The research project addresses international harmonisation efforts in secured credit law and, in particular, it asks whether the most comprehensive international standard - the United Nations Commission on International Trade Law (UNCITRAL) Legislative Guide on Secured Transactions - is suitable for adoption at the national level.

This area is highly important and contentious in that an efficient secured transactions law is seen to increase the availability and lower the cost of credit, thereby contributing to international development. 

My research hypothesis, however, is that American law and American lawyers have shaped the content of the Legislative Guide to an undue extent; so much so that it is not suitable for direct and immediate translation into the laws of other countries. This specific project is intended to form the preliminary to a larger project examining the role of globalisation and international finance capital in shaping harmonisation endeavours in the secured credit field.

The project asks a number of specific questions including the following.

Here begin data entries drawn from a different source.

(* Let $H$ be a selfadjoint operator on a separable Hilbert space $\mathcal H$ with spectral family $\{E_\lambda\}_{\lambda\in\mathbb R}$. Let $f,g\in\mathcal H$ and $\lambda\in\mathbb R$, and suppose $\mu\mapsto\langle E_\mu f|g\rangle$ is differentiable at $\lambda$. Then for every $\chi\in C_0^\infty(\mathbb R)$ the function $\mu\mapsto\langle E_\mu\chi(H)f|g\rangle$ is differentiable at $\lambda$ and $$\frac{d\langle E_\lambda\chi(H)f|g\rangle}{d\lambda}=\chi(\lambda)\frac{d\langle E_\lambda f|g\rangle}{d\lambda}.$$
   Context: Here $C_0^\infty(\mathbb R)$ denotes the set of infinitely differentiable complex-valued functions on $\mathbb R$ such that the function and all its derivatives tend to zero at infinity. Inner products are linear in the first argument. *)

theory Defs
  imports "HOL-Analysis.Analysis"
begin

text \<open>Model of a separable complex Hilbert space: l2(I) for an index set I of naturals
  (every separable Hilbert space is unitarily equivalent to one of these).
  Inner product is linear in the first argument.\<close>

type_synonym vec = "nat \<Rightarrow> complex"

definition l2 :: "nat set \<Rightarrow> vec set" where
  "l2 I = {x. (\<forall>n. n \<notin> I \<longrightarrow> x n = 0) \<and> summable (\<lambda>n. (cmod (x n))\<^sup>2)}"

definition ip :: "vec \<Rightarrow> vec \<Rightarrow> complex" where
  "ip x y = (\<Sum>n. x n * cnj (y n))"

definition vnorm :: "vec \<Rightarrow> real" where
  "vnorm x = sqrt (\<Sum>n. (cmod (x n))\<^sup>2)"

  1. Why is there pressure for greater international convergence, and is "spontaneous" convergence a viable possibility?
  2. What is the relative importance of the different actors and how do they interact? Why, for instance, is the European Bank for Reconstruction and Development (EBRD) Model Law on Secured Transactions much less prescriptive in tone and American in content than the UNCITRAL Legislative Guide?
  3. How successful is the Legislative Guide likely to be in influencing other initiatives such as the European Common Frame of Reference (CFR) or is its American orientation likely to limit its usefulness?